01. Grizzly Bear | Veckatimest
It is hard to say that Veckatimest was a refreshing hit when it was released in the spring since two of the singles had already been receiving heavy blog play for almost a year. However this album packed a subtle punch that proved it's strength after repeated listens. Taking the ambient and orchestrated sounds of Yellow House, the four piece expanded their well crafted tunes into perfect pop snippets blended with clever arrangements of striking guitar and topsy-turvey percussion.
02. Animal Collective | Merriweather Post Pavillion
There has been apparent love for this album since it leaked at the end of 2008 and it has all been warranted. Animal Collective have been some of the hardest working musicians of the decade and MPP has been a sort of culmination record most bands dream of making. They take their strong ability to mix together folk/jam/noise efforts into pop appeal for the masses in what is their most accessible album to date.
03. Dirty Projectors | Bitte Orca
No one has timing like this band. Nothing on this album happens in the way that you would expect and that is probably the reason why one can listen to it over and over and never hear the same thing twice. The swaying vocals and off kilter guitar jams are pure art rock and the vocal work is nothing shy of a Mariah Carey R&B hit. The fact that this band can make those two things fit together is pretty impressive.
04. The xx | xx
On paper (or computer screen) nothing about this record sounds exciting. It is hollow, quiet, simple, yet oh so powerful. These London teens recall overcast 80's British post-punk and add in some dub-step for one of the most daringly plain yet understated records of the year. It seems that this record should satisfy after one listen since it is so bleak, yet the ability to draw back repeat listens is nothing short of genius.
05. Phoenix | Wolfgang Amadeus Phoenix
For almost a decade, Phoenix has written jubilant indie-pop smashes that have always held them just at the cusp of fame. This time around, their savvy synths launched them to stardom. "1901" and "Lisztomania" were two of the biggest pop songs of the year and the best 1-2 punch to kick off an album in recent memory.
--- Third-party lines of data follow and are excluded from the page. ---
theorem dary_increasing_trees:
  assumes b: "1 \<le> b" and d: "d \<ge> 2"
  shows "attraction_agrees (dary_phi b d) (dary_psi d) b (dary_p d)
     \<and> laws_agree (dary_phi b d) (dary_psi d) b (dary_p d)
     \<and> (\<forall>t::real. (\<lambda>k. dary_phi b d k * t ^ k) sums
          (fact (b - 1) * (real d - 1) ^ (b - 1)
            * ((real (b - 1) + 1 / (real d - 1)) gchoose (b - 1)) * (1 + t) ^ (b * (d - 1) + 1)))
     \<and> (\<forall>z::real. \<bar>z\<bar> < 1 / (real d - 1) \<longrightarrow>
          (\<lambda>n. Tn (dary_phi b d) (dary_psi d) b (Suc n) * z ^ Suc n / fact (Suc n))
            sums ((1 - (real d - 1) * z) powr (- 1 / (real d - 1)) - 1))
     \<and> (\<forall>n\<ge>1. Tn (dary_phi b d) (dary_psi d) b n =
          fact (n - 1) * (real d - 1) ^ (n - 1) * ((real (n - 1) + 1 / (real d - 1)) gchoose (n - 1)))"
proof -
  interpret bucket_growth "dary_phi b d" "dary_psi d" b "real d - 1" 1
    using b d by (rule dary_growth)
  have p: "dary_p d n c k = attraction c k / ((real d - 1) * real n + 1)" for n c k
    unfolding dary_p_def attraction_def by (simp add: algebra_simps)
  have "Tn (dary_phi b d) (dary_psi d) b n = dary_psi d n" if "1 \<le> n" for n
    using that Tn_Suc_prod[of "n - 1"] dary_psi_Suc_eq_prod[OF d, of "n - 1"] by simp
  then have Tn: "Tn (dary_phi b d) (dary_psi d) b n =
      fact (n - 1) * (real d - 1) ^ (n - 1) * ((real (n - 1) + 1 / (real d - 1)) gchoose (n - 1))"
    if "1 \<le> n" for n
    using that by (simp add: dary_psi_def)
  have "(\<lambda>n. Tn (dary_phi b d) (dary_psi d) b (Suc n) * z ^ Suc n / fact (Suc n))
      sums ((1 - (real d - 1) * z) powr (- 1 / (real d - 1)) - 1)" if "\<bar>z\<bar> < 1 / (real d - 1)" for z
    using Tn_sums[OF _ _ that] d by simp
  then show ?thesis using attraction_agrees[OF p] laws_agree[OF p] dary_phi_sums Tn by blast
qed
(* Let $n$ be a positive integer, $p$ a non-negative integer and $m$ an integer. With $\delta_m$, $\widehat{\cdot}$, $\overline{\cdot}$, $A_n,B_n,C_n$ and $K''_\pm=-\frac{m\pi^2(m\pm1)}{4}$ as in the context, for $-\pi<\arg\zeta<\pi$, $$\begin{aligned}S_{-n-2p-1,-n}(\zeta\mathrm{e}^{-m\pi i})&=(-1)^{mn}S_{-n-2p-1,-n}(\zeta)+\frac{(-1)^{(m+1)n+p}}{2^{2p+n}n!\,p!\,(1+n)_p}\zeta^{-n}\Big\{-\delta_m\big[\widehat{A}_n(\zeta)+\widehat{B}_n(\zeta)S_{-1,0}(\zeta)+\zeta\widehat{C}_n(\zeta)S'_{-1,0}(\zeta)\big]\\&\quad+\overline{B}_n(\zeta)\big[K''_+H^{(1)}_0(\zeta)+K''_-H^{(2)}_0(\zeta)\big]-\zeta\overline{C}_n(\zeta)\big[K''_+H^{(1)}_1(\zeta)+K''_-H^{(2)}_1(\zeta)\big]\Big\}.\end{aligned}$$
   Context: $\delta_m=1+(-1)^{m-1}$; for a polynomial $P$, $\widehat{P}$ is the sum of its odd-degree terms and $\overline{P}=P-\delta_m\widehat{P}$. $H^{(1)}_\nu=J_\nu+iY_\nu$, $H^{(2)}_\nu=J_\nu-iY_\nu$ ($J_\nu,Y_\nu$ Bessel functions), $\psi=\Gamma'/\Gamma$, $(a)_k=a(a+1)\cdots(a+k-1)$. $S_{-1,0}(\zeta)=\frac12\sum_{k\ge0}\frac{(-1)^k(\zeta/2)^{2k}}{(k!)^2}\big\{[\log\frac{\zeta}{2}-\psi(k+1)]^2-\frac12\psi'(k+1)+\frac{\pi^2}{4}\big\}$; $S_{-n-1,-n}(\zeta)=\frac{(-1)^n\zeta^n}{n!}\frac{d^n}{d(\zeta^2)^n}S_{-1,0}(\zeta)$; $S_{-n-2p-1,-n}(\zeta)=\sum_{j=0}^{p-1}\frac{(-1)^j\zeta^{-n-2p+2j}}{2^{2j+2}(-p)_{j+1}(-n-p)_{j+1}}+\frac{(-1)^pS_{-n-1,-n}(\zeta)}{2^{2p}p!(1+n)_p}$. Polynomials: $A_1=B_1=0$, $C_1=1$, and for $n\ge2$: $A_n=-2(n-1)A_{n-1}+\zeta A'_{n-1}+C_{n-1}$, $B_n=-2(n-1)B_{n-1}+\zeta B'_{n-1}-\zeta^2C_{n-1}$, $C_n=-2(n-1)C_{n-1}+B_{n-1}+\zeta C'_{n-1}$; then $S_{-n-1,-n}=\frac{(-1)^n\zeta^{-n}}{2^nn!}[A_n+B_nS_{-1,0}+\zeta C_nS'_{-1,0}]$. Right-hand side functions are on the principal branch $-\pi<\arg\zeta<\pi$; $g(\zeta\mathrm{e}^{-m\pi i})$ is the value of the analytic continuation of the principal branch at the point over $\zeta$ with argument $\arg\zeta-m\pi$. *)

theory Defs
  imports "HOL-Complex_Analysis.Complex_Analysis" "HOL-Computational_Algebra.Polynomial"
begin
(* Let $\mathcal A=(Q,\Sigma,\delta,\rho)$ be a connected bireversible Mealy automaton whose labeled orbit tree $\mathfrak t(\mathcal A)$ has no active self-liftable branch, and let $\mathfrak j$ be a jungle tree with trunk of length $n$. For a $\mathfrak j$-word $\mathbf u$ with $|\mathbf u|<n$, a $\sim$-class $\gamma$ of stems containing a stem with prefix $\mathbf u$, and an integer $k\ge0$ with $|\mathbf u|+k\le n$, let $N(\mathbf u,\gamma,k)$ be the number of words $\mathbf v\in Q^k$ such that $\mathbf{uv}$ is a prefix of some stem in $\gamma$. Then $N(\mathbf u,\gamma,k)$ depends only on $|\mathbf u|$ and $k$: if $(\mathbf u,\gamma,k)$ and $(\mathbf u',\gamma',k)$ are two such triples with $|\mathbf u|=|\mathbf u'|$, then $N(\mathbf u,\gamma,k)=N(\mathbf u',\gamma',k)$.
   Context: Mealy automata. A Mealy automaton is $\mathcal A=(Q,\Sigma,\delta,\rho)$ with $Q,\Sigma$ finite non-empty sets, $\delta=(\delta_i\colon Q\to Q)_{i\in\Sigma}$, $\rho=(\rho_x\colon\Sigma\to\Sigma)_{x\in Q}$; transitions $x\xrightarrow{i\mid\rho_x(i)}\delta_i(x)$. Invertible: each $\rho_x$ a permutation of $\Sigma$; reversible: each $\delta_i$ a permutation of $Q$; bireversible: invertible, reversible, and for each $j\in\Sigma$ the map $x\mapsto\delta_{\rho_x^{-1}(j)}(x)$ is a permutation of $Q$. Connected: the directed graph on $Q$ with edges $x\to\delta_i(x)$ is connected. Extensions: $\rho_x(i\mathbf s)=\rho_x(i)\rho_{\delta_i(x)}(\mathbf s)$; $\rho_{x_1\cdots x_m}=\rho_{x_m}\circ\cdots\circ\rho_{x_1}$; $\delta_i(x\mathbf u)=\delta_i(x)\delta_{\rho_x(i)}(\mathbf u)$ on $Q^*$, $\delta_{i_1\cdots i_m}=\delta_{i_m}\circ\cdots\circ\delta_{i_1}$. The connected components of $\mathcal A^n$ (stateset $Q^n$, transitions $\mathbf u\xrightarrow{i\mid\rho_{\mathbf u}(i)}\delta_i(\mathbf u)$) are, for reversible $\mathcal A$, the orbits of $Q^n$ under the maps $\delta_{\mathbf s}$. Orbit tree $\mathfrak t(\mathcal A)$: vertices at level $n\ge0$ are the connected components of $\mathcal A^n$; an edge from the component of $\mathbf u\in Q^n$ to that of $\mathbf ux$ for all $\mathbf u,x$; edge $C\to D$ labeled $\#D/\#C$. $\top,\bot$ = first/last vertex of a downward path; level of an edge/path = level of its top vertex. A word of $Q^*\cup Q^\omega$ represents the initial path through the components of its prefixes. Edge $e$ is liftable to $f$ if every word of $\bot(e)$ has a suffix in $\bot(f)$; paths are liftable if corresponding edges are. $f$ is a legitimate child of $e$ if $\top(f)=\bot(e)$ and $f$ is liftable to $e$. A path/subtree $\mathfrak s$ is $k$-self-liftable if for all $i\ge0$ every path in $\mathfrak s$ starting at level $i+k$ is liftable to a path in $\mathfrak s$ starting at level $i$; self-liftable if $k$-self-liftable for some $k>0$. A branch (infinite initial path) is active if its labels are not eventually all $1$. Jungle trees: for a finite 1-self-liftable initial path $\mathbf e$ of length $n$ whose last edge has at least two legitimate children, all labeled $1$, $\mathfrak j(\mathbf e)$ consists of $\mathbf e$ plus all edges descending from $\bot(\mathbf e)$ that are liftable to the last edge of $\mathbf e$. Stems: the words of $\bot(\mathbf e)\subseteq Q^n$. A $\mathfrak j$-word is a word representing an initial path of $\mathfrak j$. For stems $\mathbf u,\mathbf v$: $\mathbf u\sim\mathbf v$ iff there is $\mathbf s\in Q^*$ such that $\mathbf{usv}$ is a $\mathfrak j$-word and $\rho_{\mathbf{us}}$ is the identity of $\Sigma^*$; $\sim$ is an equivalence relation. *)

theory Defs
  imports Complex_Main "HOL-Library.Sublist"
begin

text \<open>Mealy automaton with stateset the finite type 'q and alphabet the finite type 'a.
  dl i x = delta_i(x), rh x i = rho_x(i).\<close>

fun rhoA :: "('a \<Rightarrow> 'q \<Rightarrow> 'q) \<Rightarrow> ('q \<Rightarrow> 'a \<Rightarrow> 'a) \<Rightarrow> 'q \<Rightarrow> 'a list \<Rightarrow> 'a list" where
  "rhoA dl rh x [] = []"
| "rhoA dl rh x (i # s) = rh x i # rhoA dl rh (dl i x) s"

fun rhoW :: "('a \<Rightarrow> 'q \<Rightarrow> 'q) \<Rightarrow> ('q \<Rightarrow> 'a \<Rightarrow> 'a) \<Rightarrow> 'q list \<Rightarrow> 'a list \<Rightarrow> 'a list" where
  "rhoW dl rh [] s = s"
| "rhoW dl rh (x # u) s = rhoW dl rh u (rhoA dl rh x s)"

fun deltaW :: "('a \<Rightarrow> 'q \<Rightarrow> 'q) \<Rightarrow> ('q \<Rightarrow> 'a \<Rightarrow> 'a) \<Rightarrow> 'a \<Rightarrow> 'q list \<Rightarrow> 'q list" where
  "deltaW dl rh i [] = []"
| "deltaW dl rh i (x # u) = dl i x # deltaW dl rh (rh x i) u"

definition bireversible :: "('a \<Rightarrow> 'q \<Rightarrow> 'q) \<Rightarrow> ('q \<Rightarrow> 'a \<Rightarrow> 'a) \<Rightarrow> bool" where
  "bireversible dl rh \<longleftrightarrow> (\<forall>x. bij (rh x)) \<and> (\<forall>i. bij (dl i))
     \<and> (\<forall>j. bij (\<lambda>x. dl (inv (rh x) j) x))"

definition connected_aut :: "('a \<Rightarrow> 'q \<Rightarrow> 'q) \<Rightarrow> ('q \<Rightarrow> 'a \<Rightarrow> 'a) \<Rightarrow> bool" where
  "connected_aut dl rh \<longleftrightarrow>
     (let E = {(x, dl i x) | x i. True} in \<forall>x y. (x, y) \<in> (E \<union> E\<inverse>)\<^sup>*)"

text \<open>Transitions of A^n (all n at once; they preserve length) and the connected
  component of a word u in A^|u|.\<close>
definition trans_pow :: "('a \<Rightarrow> 'q \<Rightarrow> 'q) \<Rightarrow> ('q \<Rightarrow> 'a \<Rightarrow> 'a) \<Rightarrow> ('q list \<times> 'q list) set" where
  "trans_pow dl rh = {(u, deltaW dl rh i u) | u i. True}"

definition comp :: "('a \<Rightarrow> 'q \<Rightarrow> 'q) \<Rightarrow> ('q \<Rightarrow> 'a \<Rightarrow> 'a) \<Rightarrow> 'q list \<Rightarrow> 'q list set" where
  "comp dl rh u = {v. (u, v) \<in> (trans_pow dl rh \<union> (trans_pow dl rh)\<inverse>)\<^sup>*}"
They have the rock sensibility of the Strokes and a John Hughes synth-pop power that stretches just enough past the indie scale that made these guys the biggest sensation of the year.
06. Fever Ray | Fever Ray
When the Knife released Silent Shout in 2006 the album was sighted as icy, synth driven electronica. Well that album was the avalanche and Fever Ray is the tundra. These slow driven, pulsating sounds are the calm after the storm, but are just as harsh and dense as anything that has come before it.
07. Japandroids | Post-Nothing
This Vancouver duo takes you front and center in the garage and power through eight songs of pure teen angst that combines harsh fuzzed out guitars with simple hooks and melodies. Never have two youngsters given so much grief towards aging past 25 and so much hope to live life to the fullest all at the same time. What could be better than getting to France to french kiss some French girls? Not much, but listen to this album until the flight leaves.
08. Girls | Album
Christopher Owens, the main man behind garage-surf-pop band Girls, is just as unsure about his future as you and me. The only catch, his band is rising to fame for their acclaimed songwriting not only in terms of melody, but lyricism as well. Their tunes breeze by yet their disheveled lives catch-up to them and songs begin to contort into rocking bliss. Is Owens ready to step up as the next promising artist of his generation? Probably not, but he'll take a stab at in anyway.
09. The Pains of Being Pure at Heart | The Pains of Being Pure at Heart
Take one part Belle and Sebastian, one part The Smiths, and one part My Bloody Valentine and you will have yourself one whole The Pains of Being Pure at Heart. These dream-pop songs have the freshness of 2009 with the nostalgia of 1989. The hooks are monstrous and the jangly shoegaze guitar bleed in with the vocals creating this haze of beautiful pop melody.
10. Lightning Bolt | Earthly Delights
Never have two people ever sounded as loud as Lightning Bolt. The obnoxiously loud bass drones of Brian Gibson are matched by the ballistically brilliant Brian Chippendale in one of the most aggressive attacks on a drum kit (and attacks on music) I have ever heard. This album is certainly not for everyone and might be the hardest to approach on this list, but for those willing to take the journey, Lightning Bolt can certainly take your ears to places they have never been before.